The Disappearing Of Tank Man, Brought To You By Google

(AP (file))
Speaking of China, I wanted to bring your attention to a Frontline documentary that discusses the economic, political and social reality of today's China. You can watch the whole thing here, and I would highly recommend doing so, as well as clicking around the above linked Web site.

For our purposes here at Public Eye, I want to focus on the program's discussion of the way in which the Chinese state controls information, and the willingness of some American companies to submit to their demands. Take Google, for example, which has built into the Chinese version of its search engine software which censors results. Consider the iconic image of "Tank Man," the man who stood in front of a row of tanks during the Tiananmen Square massacre in 1989. The image became an inspiration to people around the world, a symbol of the individual standing up for himself in the face of overwhelming oppression.
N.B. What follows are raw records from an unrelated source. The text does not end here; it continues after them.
lemma rsize_bound_Plus:
  assumes "rsize_bound r" "rsize_bound s"
  shows "rsize_bound (Plus r s)"
  unfolding rsize_bound_def
proof (intro allI impI)
  fix A :: "'a set"
  let ?R = "shortest_words r" and ?S = "shortest_words s"
  let ?bound = "\<lambda>X t. real (card X) * g (card A) \<le> fact (card A) * real (rsize t)"
  assume sub: "shortest_words (Plus r s) \<subseteq> permutations_of_set A"
  have "rsize r \<le> rsize (Plus r s)" "rsize s \<le> rsize (Plus r s)"
    by simp_all
  then have mono: "?bound X (Plus r s)" if "?bound X t" "t \<in> {r, s}" for X t
    using that order_trans[OF _ mult_left_mono[of "real (rsize t)" "real (rsize (Plus r s))"]] by auto
  consider "shortest_words (Plus r s) = ?R" | "shortest_words (Plus r s) = ?S"
    | "shortest_words (Plus r s) = ?R \<union> ?S"
    using shortest_words_Plus_cases by blast
  then show "?bound (shortest_words (Plus r s)) (Plus r s)"
  proof cases
    case 1
    then show ?thesis using assms(1) sub mono[of ?R r] by (simp add: rsize_bound_def)
  next
    case 2
    then show ?thesis using assms(2) sub mono[of ?S s] by (simp add: rsize_bound_def)
  next
    case 3
    then have "?bound ?R r" "?bound ?S s"
      using assms sub by (auto simp: rsize_bound_def)
    moreover have "real (card (?R \<union> ?S)) * g (card A) \<le> card ?R * g (card A) + card ?S * g (card A)"
      using card_Un_le[of ?R ?S] nonneg by (metis distrib_right mult_right_mono of_nat_add of_nat_le_iff)
    ultimately have "real (card (?R \<union> ?S)) * g (card A) \<le> fact (card A) * (real (rsize r) + real (rsize s))"
      by (simp add: distrib_left)
    also have "\<dots> \<le> fact (card A) * real (rsize (Plus r s))"
      by (intro mult_left_mono) auto
    finally show ?thesis using 3 by simp
  qed
qed

lemma weight_split_le:
  assumes "k \<le> l" "0 \<le> a" "a \<le> fact k" "0 \<le> b" "b \<le> fact (l - k)"
    and x: "a * g k \<le> fact k * x" and y: "b * g (l - k) \<le> fact (l - k) * y"
  shows "a * b * g l \<le> fact l * (x + y + 1)"
proof -
  have fact_l: "(fact l :: real) = fact k * fact (l - k) * (l choose k)"
    using binomial_fact_lemma[OF \<open>k \<le> l\<close>] by (metis of_nat_fact of_nat_mult)
  have "a * b * g l \<le> a * b * ((l choose k) * (g k + g (l - k) + 1))"
    using split[OF \<open>k \<le> l\<close>] assms(2,4) by (simp add: mult_left_mono)
  also have "\<dots> = (l choose k) * ((a * g k) * b + (b * g (l - k)) * a + a * b)"
    by (simp add: algebra_simps)
  also have "\<dots> \<le> (l choose k) * ((fact k * x) * fact (l - k) + (fact (l - k) * y) * fact k + fact k * fact (l - k))"
    using assms order_trans[OF mult_nonneg_nonneg x] order_trans[OF mult_nonneg_nonneg y] nonneg
    by (intro mult_left_mono add_mono mult_mono[OF x] mult_mono[OF y] mult_mono) auto
  also have "\<dots> = fact l * (x + y + 1)"
    unfolding fact_l by (simp add: algebra_simps)
  finally show ?thesis .
qed

lemma rsize_bound_Times:
  assumes "rsize_bound r" "rsize_bound s"
  shows "rsize_bound (Times r s)"
  unfolding rsize_bound_def
proof (intro allI impI)
  fix A :: "'a set"
  let ?R = "shortest_words r" and ?S = "shortest_words s"
  assume "shortest_words (Times r s) \<subseteq> permutations_of_set A"
  then have RS: "conc ?R ?S \<subseteq> permutations_of_set A"
    by (simp add: shortest_words_Times)
  then obtain B where "B \<subseteq> A" and R: "?R \<subseteq> permutations_of_set B"
    and S: "?S \<subseteq> permutations_of_set (A - B)"
    using conc_subset_permutations_of_setE shortest_words_nonempty by metis
  have "finite A"
    using RS shortest_words_nonempty[of "Times r s"] unfolding shortest_words_Times
    by (metis permutations_of_set_empty_iff subset_empty)
  then have "finite B" "card B \<le> card A" and card_diff: "card (A - B) = card A - card B"
    using \<open>B \<subseteq> A\<close> by (auto simp: card_mono card_Diff_subset finite_subset)
  have a: "real (card ?R) \<le> fact (card B)"
    using card_le_fact_if_subset_permutations_of_set[OF R \<open>finite B\<close>] by (metis of_nat_fact of_nat_le_iff)
  have b: "real (card ?S) \<le> fact (card A - card B)"
    using card_le_fact_if_subset_permutations_of_set[OF S] \<open>finite A\<close> card_diff
    by (metis finite_Diff of_nat_fact of_nat_le_iff)
  have x: "real (card ?R) * g (card B) \<le> fact (card B) * real (rsize r)"
    using assms(1) R unfolding rsize_bound_def by blast
  have y: "real (card ?S) * g (card A - card B) \<le> fact (card A - card B) * real (rsize s)"
    using assms(2) S card_diff unfolding rsize_bound_def by metis
  have "real (card (conc ?R ?S)) \<le> real (card ?R) * real (card ?S)"
    using card_conc_le R S finite_subset by (metis finite_permutations_of_set of_nat_le_iff of_nat_mult)
  then have "real (card (conc ?R ?S)) * g (card A) \<le> real (card ?R) * real (card ?S) * g (card A)"
    using nonneg mult_right_mono by blast
  also have "\<dots> \<le> fact (card A) * (real (rsize r) + real (rsize s) + 1)"
    using weight_split_le[OF \<open>card B \<le> card A\<close> _ a _ b x y] by simp
  finally show "real (card (shortest_words (Times r s))) * g (card A)
      \<le> fact (card A) * real (rsize (Times r s))"
    by (simp add: shortest_words_Times add_ac)
qed

lemma rsize_bound: "rsize_bound r"
proof (induction r)
  case Eps
  have "shortest_words Eps = {[]}" by (auto simp: shortest_words_def)
  then show ?case using at_0 by (auto simp: rsize_bound_def permutations_of_set_def)
next
  case (Atom a)
  have "shortest_words (Atom a) = {[a]}" by (auto simp: shortest_words_def)
  then show ?case using at_1 by (auto simp: rsize_bound_def permutations_of_set_def)
next
  case (Star r)
  then show ?case using at_0 by (auto simp: rsize_bound_def shortest_words_Star permutations_of_set_def)
qed (simp_all add: rsize_bound_Plus rsize_bound_Times)

lemma le_rpn_set_eq:
  assumes "finite A"
  shows "g (card A) \<le> rpn A {w. set w = A}"
proof -
  obtain r where r: "lang r = {w. set w = A}" "rsize r = rpn A {w. set w = A}"
    using rpn_attained[OF expressible_set_eq[OF assms]] by metis
  have "shortest_words r = permutations_of_set A"
    using shortest_words_lang_set_eq[OF assms r(1)] .
  then have "fact (card A) * g (card A) \<le> fact (card A) * real (rsize r)"
    using rsize_bound[of r] assms by (simp add: rsize_bound_def mult.commute)
  then show ?thesis
    using r(2) by simp
qed

end

section \<open>Binomial estimates\<close>

definition quasipoly :: "real \<Rightarrow> real" where
  "quasipoly x = x powr ((3 + log 2 x) / 4)"

lemma powr_neg_eq_inverse_quasipoly: "x powr (- (3 + log 2 x) / 4) = inverse (quasipoly x)"
proof -
  have "- (3 + log 2 x) / 4 = - ((3 + log 2 x) / 4)"
    by (rule minus_divide_left[symmetric])
  then show ?thesis
    unfolding quasipoly_def by (simp only: powr_minus)
qed

lemma quasipoly_ge_1: "1 \<le> x \<Longrightarrow> 1 \<le> quasipoly x"
  unfolding quasipoly_def by (intro ge_one_powr_ge_zero) auto

lemma quasipoly_mono:
  assumes "1 \<le> x" "x \<le> y"
  shows "quasipoly x \<le> quasipoly y"
proof -
  have "x powr ((3 + log 2 x) / 4) \<le> y powr ((3 + log 2 x) / 4)"
    using assms by (intro powr_mono2) auto
  also have "\<dots> \<le> y powr ((3 + log 2 y) / 4)"
    using assms by (intro powr_mono) auto
  finally show ?thesis unfolding quasipoly_def .
qed

lemma quasipoly_double:
  assumes "1 \<le> x"
  shows "quasipoly (2 * x) = 2 * sqrt x * quasipoly x"
proof -
  have "quasipoly (2 * x) = 2 powr ((4 + log 2 x) / 4) * x powr ((4 + log 2 x) / 4)"
    using assms by (simp add: quasipoly_def log_mult powr_mult add_ac)
  also have "2 powr ((4 + log 2 x) / 4) = 2 * (2 powr log 2 x) powr (1 / 4)"
    by (simp add: add_divide_distrib powr_add powr_powr)
  also have "2 powr log 2 x = x"
    using assms by simp
  also have "x powr ((4 + log 2 x) / 4) = x powr (1 / 4) * quasipoly x"
    by (simp add: quasipoly_def powr_add[symmetric] add_divide_distrib[symmetric])
  also have "2 * x powr (1 / 4) * (x powr (1 / 4) * quasipoly x) = 2 * sqrt x * quasipoly x"
    using assms by (simp add: powr_add[symmetric] sqrt_def root_powr_inverse)
  finally show ?thesis .
qed

lemma central_binomial_Suc: "(2 * m + 2) choose (m + 1) = 2 * ((2 * m + 1) choose m)"
proof -
  have "(2 * m + 1) choose (m + 1) = (2 * m + 1) choose m"
    using central_binomial_odd[of "2 * m + 1"] by (simp del: binomial_Suc_Suc)
  then show ?thesis
    using binomial_Suc_Suc[of "2 * m + 1" m] by (simp del: binomial_Suc_Suc)
qed

lemma Suc_times_central_binomial_Suc:
  "(m + 1) * ((2 * m + 2) choose (m + 1)) = 2 * (2 * m + 1) * ((2 * m) choose m)"
proof -
  have "(m + 1) * ((2 * m + 1) choose (m + 1)) = (2 * m + 1) * ((2 * m) choose m)"
    using Suc_times_binomial[of m "2 * m"] by (simp del: binomial_Suc_Suc)
  moreover have "(2 * m + 1) choose (m + 1) = (2 * m + 1) choose m"
    using central_binomial_odd[of "2 * m + 1"] by (simp del: binomial_Suc_Suc)
  ultimately show ?thesis
    unfolding central_binomial_Suc by (simp del: binomial_Suc_Suc)
qed

lemma central_binomial_square_lower: "1 \<le> m \<Longrightarrow> 16 ^ m \<le> 4 * m * ((2 * m) choose m)\<^sup>2"
proof (induction m rule: nat_induct_at_least)
  case base
  then show ?case by (simp add: numeral_2_eq_2)
next
  case (Suc m)
  define C C' where "C = (2 * m) choose m" and "C' = (2 * m + 2) choose (m + 1)"
  have "16 ^ (m + 1) \<le> 16 * (4 * m * C\<^sup>2)"
    using Suc.IH unfolding C_def by simp
  then have "(m + 1) * 16 ^ (m + 1) \<le> (m + 1) * (16 * (4 * m * C\<^sup>2))"
    by (rule mult_left_mono) simp
  also have "\<dots> = 16 * (4 * m * (m + 1)) * C\<^sup>2"
    by (simp add: algebra_simps)
  also have "\<dots> \<le> 16 * (2 * m + 1)\<^sup>2 * C\<^sup>2"
    by (intro mult_right_mono mult_left_mono) (auto simp: power2_eq_square algebra_simps)
  also have "\<dots> = 4 * (2 * (2 * m + 1) * C)\<^sup>2"
    by (simp add: power2_eq_square algebra_simps)
  also have "2 * (2 * m + 1) * C = (m + 1) * C'"
    unfolding C_def C'_def by (rule Suc_times_central_binomial_Suc[symmetric])
  also have "4 * ((m + 1) * C')\<^sup>2 = (m + 1) * (4 * (m + 1) * C'\<^sup>2)"
    by (simp add: power2_eq_square algebra_simps)
  finally have "16 ^ (m + 1) \<le> 4 * (m + 1) * C'\<^sup>2"
    by (metis Suc_eq_plus1 Suc_mult_le_cancel1)
  then show ?case
    unfolding C'_def by (simp add: algebra_simps del: binomial_Suc_Suc)
qed

lemma central_binomial_lower_sqrt:
  assumes "1 \<le> m"
  shows "(4::real) ^ m \<le> 2 * sqrt m * ((2 * m) choose m)"
proof (rule power2_le_imp_le)
  have "((4::real) ^ m)\<^sup>2 = 16 ^ m"
    by (simp add: power2_eq_square power_mult_distrib[symmetric])
  also have "\<dots> = real (16 ^ m)"
    by simp
  also have "\<dots> \<le> real (4 * m * ((2 * m) choose m)\<^sup>2)"
    using central_binomial_square_lower[OF assms] by (simp only: of_nat_le_iff)
  also have "\<dots> = (2 * sqrt m * ((2 * m) choose m))\<^sup>2"
    by (simp add: power_mult_distrib)
  finally show "((4::real) ^ m)\<^sup>2 \<le> (2 * sqrt m * ((2 * m) choose m))\<^sup>2" .
qed simp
If you type "Tiananmen Square" into the Google and do an image search, you get image after image of Tank Man. But do the same in the Chinese version of Google, and Tank Man is nowhere to be seen – instead you get pictures of the square, shots of smiling tourists, and maps. (One result showing the massacre did seem to get through, though Chinese users attempting to click through to these images are unable to do so.) One of the saddest scenes in the Frontline report involved an interviewer showing the image of Tank Man to a group of Beijing university students, who had no idea what it was. One thought it might be a parade. It is estimated that almost no one in China under 20 years old has ever seen the image.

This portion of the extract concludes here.